>>>

lemma bij_betw_funpow_cyc_succ:
  assumes "k \<in> {1..K}"
  shows "bij_betw (\<lambda>c. (cyc_succ K ^^ c) k) {..<K} {1..K}"
proof -
  let ?\<rho> = "\<lambda>c. (cyc_succ K ^^ c) k"
  have inj: "inj_on ?\<rho> {..<K}"
  proof (rule inj_onI)
    fix c c' assume "c \<in> {..<K}" "c' \<in> {..<K}" "?\<rho> c = ?\<rho> c'"
    then show "c = c'" using mod_add_left_inj[of "k - 1" c K c'] by (simp add: funpow_cyc_succ[OF assms])
  qed
  have "?\<rho> ` {..<K} \<subseteq> {1..K}"
    using assms by (auto simp: funpow_cyc_succ Suc_leI)
  moreover have "card (?\<rho> ` {..<K}) = card {1..K}"
    using inj by (simp add: card_image)
  ultimately have "?\<rho> ` {..<K} = {1..K}"
    by (simp add: card_subset_eq)
  with inj show ?thesis
    by (simp add: bij_betw_def)
qed

text \<open>Walk positions are absolute: position \<open>c\<close> lies in marginal \<open>(cyc_succ K ^^ c) l\<close>,
  so peeling off the first step of a walk needs no shift of indices.\<close>
definition chain_weight ::
    "nat \<Rightarrow> real \<Rightarrow> (nat \<Rightarrow> nat \<Rightarrow> 'a::euclidean_space) \<Rightarrow> (nat \<Rightarrow> nat \<Rightarrow> real) \<Rightarrow>
     nat \<Rightarrow> nat \<Rightarrow> nat \<Rightarrow> (nat \<Rightarrow> nat) \<Rightarrow> real" where
  "chain_weight K \<eta> x \<phi> l a b w =
     (\<Prod>c\<in>{a..<b}. kmat \<eta> x ((cyc_succ K ^^ c) l) ((cyc_succ K ^^ Suc c) l) (w c) (w (Suc c))) *
     (\<Prod>c\<in>{a<..<b}. \<phi> ((cyc_succ K ^^ c) l) (w c))"

lemma chain_weight_cong:
  assumes "\<And>c. c \<in> {a..b} \<Longrightarrow> w c = w' c"
  shows "chain_weight K \<eta> x \<phi> l a b w = chain_weight K \<eta> x \<phi> l a b w'"
  unfolding chain_weight_def using assms by (intro arg_cong2[where f = "(*)"] prod.cong) auto

lemma chain_weight_Suc_start:
  assumes "Suc a < b"
  shows "chain_weight K \<eta> x \<phi> l a b w =
    kmat \<eta> x ((cyc_succ K ^^ a) l) ((cyc_succ K ^^ Suc a) l) (w a) (w (Suc a)) *
    \<phi> ((cyc_succ K ^^ Suc a) l) (w (Suc a)) * chain_weight K \<eta> x \<phi> l (Suc a) b w"
proof -
  have "{a..<b} = insert a {Suc a..<b}" "{a<..<b} = insert (Suc a) {Suc a<..<b}"
    using assms by auto
  then show ?thesis
    unfolding chain_weight_def by (simp add: mult_ac)
qed
text \<open>The RCV-MILP is the CGLP system for the multiples \<open>\<theta> (\<alpha>, \<beta>)\<close> of the cut, with the
  normalisation dropped and with a binary \<open>\<delta>\<close> that dominates the multipliers and obeys the
  rank constraints. Scaling an extended regular CGLP solution for a positive multiple \<open>s\<close> of the
  cut down by \<open>1/(s+1)\<close>, and taking \<open>\<delta>\<close> to be the indicator of its support \<open>N\<close>, gives an
  RCV-MILP solution with \<open>\<theta> > 0\<close>: the rank constraints hold because every subset of the
  independent rows \<open>Atil A ` N\<close> is independent. Conversely, if \<open>\<theta> > 0\<close> then \<open>\<delta> = 1\<close> on the support
  of the multipliers, so the rank constraint for the support says that it has full row rank,
  and renormalising the multipliers to total mass one yields an extended regular CGLP solution
  for a positive multiple of the cut; the mass is positive because a separating cut is not
  zero.\<close>

lemma rank_rows_le_card:
  assumes "finite N"
  shows "rank_rows M N \<le> card N"
proof -
  have "dim (M ` N) \<le> card (M ` N)"
    using assms by (simp add: dim_le_card')
  also have "\<dots> \<le> card N"
    using assms by (rule card_image_le)
  finally show ?thesis
    unfolding rank_rows_def .
qed

lemma rank_rows_mono: "N \<subseteq> N' \<Longrightarrow> rank_rows M N \<le> rank_rows M N'"
  unfolding rank_rows_def by (intro dim_subset image_mono)

lemma rank_rows_le_dimension: "rank_rows (M :: 'q \<Rightarrow> real^'n::finite) N \<le> CARD('n)"
  unfolding rank_rows_def by (rule dim_subset_UNIV_cart)

lemma full_row_rank_iff_card_le_rank:
  "finite N \<Longrightarrow> full_row_rank M N \<longleftrightarrow> card N \<le> rank_rows M N"
  unfolding full_row_rank_def using rank_rows_le_card[of N M] by linarith

lemma full_row_rank_subset:
  assumes "full_row_rank M S" and "finite S" and "N \<subseteq> S"
  shows "full_row_rank M N"
proof -
  have card_rows: "card (M ` S) = card S"
    using assms(1,2) rank_rows_le_card[of S M] card_image_le[of S M] dim_le_card'[of "M ` S"]
    unfolding full_row_rank_def rank_rows_def by simp
  then have "inj_on M S"
    using assms(2) by (simp add: eq_card_imp_inj_on)
  have "independent (M ` S)"
    using card_eq_dim[of "M ` S" "M ` S"] card_rows assms(1,2)
    unfolding full_row_rank_def rank_rows_def by (simp add: span_superset)
  then have "independent (M ` N)"
    using assms(3) by (meson image_mono independent_mono)
  then have "dim (M ` N) = card (M ` N)"
    by (rule dim_eq_card_independent)
  also have "\<dots> = card N"
    using \<open>inj_on M S\<close> assms(3) by (meson card_image inj_on_subset)
  finally show ?thesis
    unfolding full_row_rank_def rank_rows_def .
qed

definition cut_multipliers ::
  "real^'n^'m \<Rightarrow> real^'m \<Rightarrow> 'n set \<Rightarrow> 't set \<Rightarrow> ('t \<Rightarrow> real^'n^'r) \<Rightarrow> ('t \<Rightarrow> real^'r)
   \<Rightarrow> real^'n \<Rightarrow> real \<Rightarrow> ('t \<Rightarrow> ('m,'n) qidx \<Rightarrow> real) \<Rightarrow> ('t \<Rightarrow> real^'r) \<Rightarrow> bool" where
  "cut_multipliers A b J T D d0 \<alpha> \<beta> u v \<longleftrightarrow>
     (\<forall>t\<in>T. \<alpha> = (\<Sum>i\<in>Qset J. u t i *\<^sub>R Atil A i) + v t v* D t
           \<and> \<beta> = (\<Sum>i\<in>Qset J. u t i * btil b i) + v t \<bullet> d0 t)
   \<and> (\<forall>t\<in>T. (\<forall>i\<in>Qset J. u t i \<ge> 0) \<and> (\<forall>k. v t $ k \<ge> 0))
   \<and> (\<forall>t i. t \<notin> T \<or> i \<notin> Qset J \<longrightarrow> u t i = 0)
   \<and> (\<forall>t. t \<notin> T \<longrightarrow> v t = 0)"

definition multiplier_mass ::
  "'n set \<Rightarrow> 't set \<Rightarrow> ('t \<Rightarrow> ('m,'n) qidx \<Rightarrow> real) \<Rightarrow> ('t \<Rightarrow> real^'r::finite) \<Rightarrow> real" where
  "multiplier_mass J T u v = (\<Sum>t\<in>T. \<Sum>i\<in>Qset J. u t i) + (\<Sum>t\<in>T. \<Sum>k\<in>UNIV. v t $ k)"

lemma cglp_feasible_iff:
  "cglp_feasible A b J T D d0 \<alpha> \<beta> u v \<longleftrightarrow>
     cut_multipliers A b J T D d0 \<alpha> \<beta> u v \<and> multiplier_mass J T u v = 1"
  unfolding cglp_feasible_def cut_multipliers_def multiplier_mass_def
  by (auto simp: algebra_simps)

lemma rcv_feasible_iff:
  fixes A :: "real^'n::finite^'m::finite"
  shows "rcv_feasible A b J T D d0 \<alpha>c \<beta>c \<theta> \<delta> u v \<longleftrightarrow>
     0 \<le> \<theta> \<and> \<theta> \<le> 1
   \<and> (\<forall>j\<in>Qset J. \<delta> j \<in> {0, 1}) \<and> (\<forall>j. j \<notin> Qset J \<longrightarrow> \<delta> j = 0)
   \<and> (\<forall>j\<in>Qset J. \<forall>t\<in>T. u t j \<le> \<delta> j)
   \<and> (\<Sum>j\<in>Qset J. \<delta> j) \<le> real CARD('n)
   \<and> (\<forall>N. N \<subseteq> Qset J \<longrightarrow> (\<Sum>j\<in>N. \<delta> j) \<le> real (rank_rows (Atil A) N))
   \<and> cut_multipliers A b J T D d0 (\<theta> *\<^sub>R \<alpha>c) (\<theta> * \<beta>c) u v"
  unfolding rcv_feasible_def cut_multipliers_def
  by (auto simp: algebra_simps)

lemma cut_multipliers_scale:
  assumes "cut_multipliers A b J T D d0 \<alpha> \<beta> u v" and "0 \<le> c"
  shows "cut_multipliers A b J T D d0 (c *\<^sub>R \<alpha>) (c * \<beta>) (\<lambda>t i. c * u t i) (\<lambda>t. c *\<^sub>R v t)"
  using assms unfolding cut_multipliers_def
  by (simp add: scaleR_vector_matrix_assoc scaleR_sum_right sum_distrib_left
      scaleR_add_right distrib_left mult.assoc)

lemma multiplier_mass_scale:
  "multiplier_mass J T (\<lambda>t i. c * u t i) (\<lambda>t. c *\<^sub>R v t) = c * multiplier_mass J T u v"
  unfolding multiplier_mass_def by (simp add: sum_distrib_left distrib_left)

lemma Nsupp_scale: "0 < c \<Longrightarrow> Nsupp J T (\<lambda>t i. c * u t i) = Nsupp J T u"
  unfolding Nsupp_def by (simp add: zero_less_mult_iff)
(* Let $M$ be a finite rectangular monoid, $k$ a field, and $e\in E(M)$. Then $(emene,emne)\in\mathrm{rad}^2(M)$ for all $m,n\in M$. In particular, if $B$ is a finite band, then $B/\mathrm{rad}^2(B)$ is a regular band.
   Context: $E(M)$ is the set of idempotents; $M$ is rectangular if each set $\{f\in E(M): MfM=MeM\}$ is closed under multiplication. $\mathrm{rad}^2(M)$ is the congruence on $M$ given by $(m,n)\in\mathrm{rad}^2(M)$ iff $m-n\in\mathrm{rad}(kM)^2$, where $\mathrm{rad}$ is the Jacobson radical. A band is a monoid in which every element is idempotent (bands are rectangular); a regular band is a band satisfying $xyxzx=xyzx$ for all $x,y,z$. *)

theory Defs
  imports Main
begin

text \<open>The monoid algebra kM of a finite monoid M over a field k is modelled as the
  functions M \<Rightarrow> k with convolution product.\<close>

definition idempotents :: "'m::monoid_mult set" where
  "idempotents = {e. e * e = e}"

definition two_sided :: "'m::monoid_mult \<Rightarrow> 'm set" where
  "two_sided e = {a * e * b | a b. True}"

definition rectangular :: "'m::monoid_mult itself \<Rightarrow> bool" where
  "rectangular _ \<longleftrightarrow>
     (\<forall>e \<in> (idempotents :: 'm set). \<forall>f \<in> idempotents. \<forall>g \<in> idempotents.
        two_sided f = two_sided e \<and> two_sided g = two_sided e \<longrightarrow>
        f * g \<in> idempotents \<and> two_sided (f * g) = two_sided e)"

definition band :: "'m::monoid_mult itself \<Rightarrow> bool" where
  "band _ \<longleftrightarrow> (\<forall>x :: 'm. x * x = x)"

definition delta :: "'m \<Rightarrow> 'm \<Rightarrow> 'k::field" where
  "delta m = (\<lambda>x. if x = m then 1 else 0)"

definition conv :: "('m::monoid_mult \<Rightarrow> 'k::field) \<Rightarrow> ('m \<Rightarrow> 'k) \<Rightarrow> ('m \<Rightarrow> 'k)" where
  "conv f g = (\<lambda>m. \<Sum>p \<in> {p. fst p * snd p = m}. f (fst p) * g (snd p))"

definition left_ideal :: "('m::monoid_mult \<Rightarrow> 'k::field) set \<Rightarrow> bool" where
  "left_ideal I \<longleftrightarrow> (\<lambda>_. 0) \<in> I \<and>
     (\<forall>x\<in>I. \<forall>y\<in>I. (\<lambda>t. x t + y t) \<in> I) \<and>
     (\<forall>x\<in>I. (\<lambda>t. - x t) \<in> I) \<and>
     (\<forall>a. \<forall>x\<in>I. conv a x \<in> I)"
lemma has_real_derivative_sqrt_gram:
  assumes "(g11 has_real_derivative d11) (at y)" "(g22 has_real_derivative d22) (at y)"
    and "(g12 has_real_derivative d12) (at y)" "0 < g11 y * g22 y - (g12 y)\<^sup>2"
  shows "((\<lambda>z. sqrt (g11 z * g22 z - (g12 z)\<^sup>2)) has_real_derivative
    (d11 * g22 y + g11 y * d22 - 2 * g12 y * d12) / (2 * sqrt (g11 y * g22 y - (g12 y)\<^sup>2))) (at y)"
  using assms by (auto intro!: derivative_eq_intros simp: field_simps)

lemma has_real_derivative_Aarea_pert:
  fixes \<rho> r :: "real \<Rightarrow> real \<Rightarrow> real^'n \<Rightarrow> real" and vs vt a b :: "real \<Rightarrow> real \<Rightarrow> real^'n \<Rightarrow> real^'n"
  assumes cont: "continuous_on UNIV (\<rho> s t)" "continuous_on UNIV (vs s t)" "continuous_on UNIV (vt s t)"
      "continuous_on UNIV (r s t)" "continuous_on UNIV (a s t)" "continuous_on UNIV (b s t)"
    and supp: "compact C" "\<And>x. x \<notin> C \<Longrightarrow> r s t x = 0" "\<And>x. x \<notin> C \<Longrightarrow> a s t x = 0"
      "\<And>x. x \<notin> C \<Longrightarrow> b s t x = 0"
    and dens: "\<And>x. 0 \<le> \<rho> s t x"
    and energy: "integrable lborel (\<lambda>x. (norm (vs s t x))\<^sup>2 * \<rho> s t x)"
      "integrable lborel (\<lambda>x. (norm (vt s t x))\<^sup>2 * \<rho> s t x)"
    and Apos: "0 < Aarea \<rho> vs vt s t"
  shows "integrable lborel (Aarea_density_var \<rho> vs vt r a b s t)"
    and "((\<lambda>\<epsilon>. Aarea (pert \<rho> \<epsilon> r) (pert vs \<epsilon> a) (pert vt \<epsilon> b) s t) has_real_derivative
          (LINT x|lborel. Aarea_density_var \<rho> vs vt r a b s t x)) (at 0)"
proof -
  have inner_self: "integrable lborel (\<lambda>x. (v s t x \<bullet> v s t x) * \<rho> s t x)"
    if "integrable lborel (\<lambda>x. (norm (v s t x))\<^sup>2 * \<rho> s t x)" for v :: "real \<Rightarrow> real \<Rightarrow> real^'n \<Rightarrow> real^'n"
    using that by (simp add: power2_norm_eq_inner)
  note ss = has_real_derivative_Gst_pert[where \<rho>=\<rho> and v=vs and w=vs and r=r and a=a and b=a
      and s=s and t=t, OF cont(1,2,2,4,5,5) supp(1-3,3) inner_self[of vs, OF energy(1)]]
    and tt = has_real_derivative_Gst_pert[where \<rho>=\<rho> and v=vt and w=vt and r=r and a=b and b=b
      and s=s and t=t, OF cont(1,3,3,4,6,6) supp(1,2,4,4) inner_self[of vt, OF energy(2)]]
    and st = has_real_derivative_Gst_pert[where \<rho>=\<rho> and v=vs and w=vt and r=r and a=a and b=b
      and s=s and t=t, OF cont(1,2,3,4,5,6) supp
      integrable_inner_density[OF cont(1-3) dens energy]]
  have "0 < Gss \<rho> vs s t * Gss \<rho> vt s t - (Gst \<rho> vs vt s t)\<^sup>2"
    using Apos unfolding Aarea_def by simp
  from has_real_derivative_sqrt_gram[OF ss(2) tt(2) st(2)] this
  have "((\<lambda>\<epsilon>. Aarea (pert \<rho> \<epsilon> r) (pert vs \<epsilon> a) (pert vt \<epsilon> b) s t) has_real_derivative
    ((LINT x|lborel. Gst_density_var \<rho> vs vs r a a s t x) * Gss \<rho> vt s t
      + Gss \<rho> vs s t * (LINT x|lborel. Gst_density_var \<rho> vt vt r b b s t x)
      - 2 * Gst \<rho> vs vt s t * (LINT x|lborel. Gst_density_var \<rho> vs vt r a b s t x))
     / (2 * Aarea \<rho> vs vt s t)) (at 0)"
    unfolding Aarea_def Gss_eq_Gst by simp
  moreover show "integrable lborel (Aarea_density_var \<rho> vs vt r a b s t)"
    unfolding Aarea_density_var_def using ss(1) tt(1) st(1) by simp
  ultimately show "((\<lambda>\<epsilon>. Aarea (pert \<rho> \<epsilon> r) (pert vs \<epsilon> a) (pert vt \<epsilon> b) s t) has_real_derivative
      (LINT x|lborel. Aarea_density_var \<rho> vs vt r a b s t x)) (at 0)"
    unfolding Aarea_density_var_def using ss(1) tt(1) st(1)
    by (simp add: diff_divide_distrib add_divide_distrib)
qed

<<<

### Exercise brief:
Go through the material and copy every line in which the word "thesis" occurs.

### Exercise response:
  with inj show ?thesis
  then show ?thesis
  finally show ?thesis
  finally show ?thesis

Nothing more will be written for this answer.